WVCO
- Loris, South Carolina; United States;
- Broadcast area: Myrtle Beach, South Carolina Wilmington, North Carolina
- Frequencies: 94.9 MHz (Channel 235)
- Branding: 94.9 The Surf

Programming
- Format: Oldies/Beach music

Ownership
- Owner: Carolina Beach Music Broadcasting Corp.

History
- First air date: 1993

Technical information
- Licensing authority: FCC
- Facility ID: 57036
- Class: C3
- ERP: 11,000 watts
- HAAT: 149 meters
- Transmitter coordinates: 33°59′39.00″N 78°46′16.00″W﻿ / ﻿33.9941667°N 78.7711111°W

Links
- Public license information: Public file; LMS;
- Webcast: Listen Live
- Website: 949thesurf.com

= WVCO =

WVCO (94.9 FM, "94.9 The Surf") is an American radio station in the Myrtle Beach, South Carolina, market. They play a mix of Blues/Carolina beach music/shag. Its studios are located on Ocean Boulevard in North Myrtle Beach, and its transmitter is southeast of Loris.

==History==
===As a country music station===
By the mid-1990s, WVCO aired the same programming as WYAK, which was country music. On October 1, 1996, Pinnacle Broadcasting Co. announced its purchase of WYAK, WMYB and WRNN-FM. After the transaction was completed, Pinnacle intended to renew the lease with the previous owners of WVCO.

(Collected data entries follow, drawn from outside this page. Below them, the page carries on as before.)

theorem lemma1p4:
  fixes G :: "('g, 'b) monoid_scheme"
    and L R :: "'g set"
    and J :: "'h::{real_inner, complete_space} \<Rightarrow> 'h"
    and \<mu> \<mu>1 \<mu>2 :: "'g \<Rightarrow> 'h \<Rightarrow> 'h"
  assumes "group G"
    and "subgroup L G"
    and "R \<subseteq> carrier G"
    and "\<forall>g\<in>carrier G. \<exists>!r. r \<in> R \<and> r \<in> L #>\<^bsub>G\<^esub> g"
    and "\<one>\<^bsub>G\<^esub> \<in> R"
    and "complex_structure J"
    and "\<forall>l\<in>L. unitary_op (H_sp J) (\<mu> l)"
    and "\<forall>l\<in>L. unitary_op (H_sp J) (\<mu>1 l)"
    and "\<forall>l\<in>L. unitary_op (H_sp J) (\<mu>2 l)"
  shows "defect (l2_sp R J) G (induced G L R \<mu>) = defect (H_sp J) (G\<lparr>carrier := L\<rparr>) \<mu>
    \<and> map_dist (l2_sp R J) G (induced G L R \<mu>1) (induced G L R \<mu>2)
        = map_dist (H_sp J) (G\<lparr>carrier := L\<rparr>) \<mu>1 \<mu>2
    \<and> dist_rep (l2_sp R J) G (induced G L R \<mu>) \<le> dist_rep (H_sp J) (G\<lparr>carrier := L\<rparr>) \<mu>"
proof -
  interpret coset_transversal G L R
    using assms(1-5) by (intro coset_transversal.intro coset_transversal_axioms.intro)
  have iso: "\<forall>l\<in>L. homog_isometry (\<mu> l)" "\<forall>l\<in>L. homog_isometry (\<mu>1 l)"
    "\<forall>l\<in>L. homog_isometry (\<mu>2 l)"
    using assms(7-9) unitary_homog_isometry by blast+
  have "J 0 = 0" using assms(6) by (simp add: complex_structure_def linear_0)
  then show ?thesis
    using defect_induced[OF iso(1)] map_dist_induced[OF iso(2,3)] dist_rep_induced_le[OF iso(1)]
    by blast
qed

end
(* Let $A_5$ be the Cayley-Dickson algebra of 32-nions with canonical basis $e_0,\dots,e_{31}$. Then: (i) the 31 imaginary units split into ten units each lying on exactly nine defective triples (namely $e_a$, $a\in\{7,11,13,14,19,21,22,25,26,28\}$), fifteen units each lying on exactly seven defective triples (namely $e_a$, $a\in\{3,5,6,9,10,12,15,17,18,20,23,24,27,29,30\}$), and six units lying on no defective triple (namely $e_1,e_2,e_4,e_8,e_{16},e_{31}$); (ii) the incidence structure $\mathcal{C}_5$ whose points are the fifteen units of the second kind and whose lines are the defective triples consisting solely of such units is a $(15_4,20_3)$-configuration isomorphic to the combinatorial Grassmannian $G_2(6)$; (iii) there is a bijection $\varphi$ from the set of geometric hyperplanes of $\mathcal{C}_5$ onto $\{e_1,\dots,e_{31}\}$ mapping the set of lines of the Veldkamp space $\mathcal{V}(\mathcal{C}_5)$ bijectively onto the set of distinguished triples of $A_5$ (so $\mathcal{V}(\mathcal{C}_5)\cong\mathrm{PG}(4,2)$), such that the geometric hyperplanes with $6$ points (two disjoint lines), $7$ points (a point together with all points not collinear with it) and $10$ points (a copy of the Desargues configuration $G_2(5)$) are mapped onto the units of the first, second and third kind in (i), respectively.
   Context: Cayley-Dickson algebras: $A_0=\mathbb{R}$ with trivial conjugation; $A_{N+1}$ is the set of ordered pairs $(x,y)$ with $x,y\in A_N$, with conjugation $(x,y)^*=(x^*,-y)$ and multiplication $(x,y)(X,Y)=(xX-Yy^*,\,x^*Y+Xy)$. The canonical basis of $A_0$ is $e_0=1$; if $e_0,\dots,e_{2^N-1}$ is the canonical basis of $A_N$, the canonical basis of $A_{N+1}$ is $e_a=(e_a,0)$ and $e_{2^N+a}=(0,e_a)$ for $0\le a\le 2^N-1$. The imaginary units of $A_N$ are $e_1,\dots,e_{2^N-1}$. A distinguished triple is a set $\{e_a,e_b,e_c\}$ with $1\le a<b<c\le 2^N-1$ and $e_ae_b=\pm e_c$; it is called ordinary if $a+b=c$ and defective if $a+b\neq c$. A $(v_r,b_k)$-configuration is a point-line incidence structure with $v$ points and $b$ lines, each line having $k$ points, each point on $r$ lines, two distinct points on at most one common line. The combinatorial Grassmannian $G_2(n)$ is the point-line incidence structure whose points are the $2$-element subsets of $\{1,\dots,n\}$, whose lines are the $3$-element subsets, incidence being inclusion ($G_2(5)$ is the Desargues configuration). A geometric hyperplane of a point-line incidence structure is a proper subset $H$ of the point set such that every line is either contained in $H$ or meets $H$ in exactly one point. The Veldkamp space $\mathcal{V}(\mathcal{C})$ has as points the geometric hyperplanes of $\mathcal{C}$; for distinct hyperplanes $H',H''$ the Veldkamp line $H'H''$ is the set of all geometric hyperplanes $H$ with $H=H'$, $H=H''$, or $H'\cap H''=H'\cap H=H''\cap H$. *)

theory Defs
  imports Complex_Main
begin

text \<open>An element of A_N is represented by its coordinate function with respect to
the canonical basis e_0,...,e_(2^N-1): a function nat => real, whose values at
indices >= 2^N are irrelevant (all operations below produce 0 there).
The pair (x,y) of A_(N+1) corresponds to the coordinate function whose first
2^N coordinates are those of x and whose next 2^N coordinates are those of y;
this is exactly the canonical basis convention e_a = (e_a,0), e_(2^N+a) = (0,e_a).\<close>

type_synonym cd = "nat \<Rightarrow> real"

definition cd_pair :: "nat \<Rightarrow> cd \<Rightarrow> cd \<Rightarrow> cd" where
  "cd_pair N x y = (\<lambda>i. if i < 2^N then x i else if i < 2^(Suc N) then y (i - 2^N) else 0)"

definition cd_fst :: "nat \<Rightarrow> cd \<Rightarrow> cd" where
  "cd_fst N z = (\<lambda>i. if i < 2^N then z i else 0)"

definition cd_snd :: "nat \<Rightarrow> cd \<Rightarrow> cd" where
  "cd_snd N z = (\<lambda>i. if i < 2^N then z (2^N + i) else 0)"

fun cd_conj :: "nat \<Rightarrow> cd \<Rightarrow> cd" where
  "cd_conj 0 z = (\<lambda>i. if i = 0 then z 0 else 0)"
| "cd_conj (Suc N) z =
     cd_pair N (cd_conj N (cd_fst N z)) (\<lambda>i. - cd_snd N z i)"

fun cd_mult :: "nat \<Rightarrow> cd \<Rightarrow> cd \<Rightarrow> cd" where
  "cd_mult 0 z w = (\<lambda>i. if i = 0 then z 0 * w 0 else 0)"
| "cd_mult (Suc N) z w =
     (let x = cd_fst N z; y = cd_snd N z; X = cd_fst N w; Y = cd_snd N w in
      cd_pair N (\<lambda>i. cd_mult N x X i - cd_mult N Y (cd_conj N y) i)
                (\<lambda>i. cd_mult N (cd_conj N x) Y i + cd_mult N X y i))"

definition cd_unit :: "nat \<Rightarrow> cd" where
  "cd_unit a = (\<lambda>i. if i = a then 1 else 0)"

text \<open>Distinguished triples of A_N, each recorded by its set of indices {a,b,c}
(the unit e_a is identified with its index a).\<close>
definition distinguished_triples :: "nat \<Rightarrow> nat set set" where
  "distinguished_triples N =
     {{a, b, c} | a b c. 1 \<le> a \<and> a < b \<and> b < c \<and> c \<le> 2^N - 1 \<and>
        (cd_mult N (cd_unit a) (cd_unit b) = cd_unit c \<or>
         cd_mult N (cd_unit a) (cd_unit b) = (\<lambda>i. - cd_unit c i))}"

===“W-Elvis” & smooth jazz===
On January 1, 1997, the station played "Macarena" over 2,000 times (including several mixes) then became "WELVIS" for the weekend of Elvis Presley's 62nd birthday, then stunted with various musical styles, and finally switched to smooth jazz.

After Frank Sinatra died, WVCO played just his music the entire weekend.

===WVCO flips to Beach Music===
On August 18 and 19, 1998, the station repeatedly played Vanessa L. Williams singing the words "pick the pieces up and start again" followed by a tape rewinding. The new beach music format began with "Summertime" by Billy Stewart. This marked the first time the music that began along the Grand Strand had a radio home. WVCO was the first full-time Beach Music station on the Grand Strand. The first full-time station (in the U.S.) was 100,000 watt WRDX, Beach 106, which Fessa' John Hook launched in Salisbury, NC in October 1986.

John Hook, Beach Music radio authority/consultant consulted Gary Morris, WVCO general manager from 1998 to 1999.

"Fessa" John Hook hosted the syndicated "Top 40 Countdown", "Fish Fry Show" and "Classics Show" on the Rhythm 'N Beach Network, including WVCO, and "Ocean Drive Pavilion Show", on WVCO only. 94.9 the Surf described its music format as "Beach, Boogie and Blues". The music was categorized as rhythmic oldies but included much more variety than the typical radio station. Many songs were from the 1950s, and the station's focus was beach music, a style made popular on the South Carolina coast. Personalities included Billy Smith, Ted Bell, Ray Scott and Stevie Blackburn. The station aired the syndicated On the Beach radio show hosted by Charlie Brown.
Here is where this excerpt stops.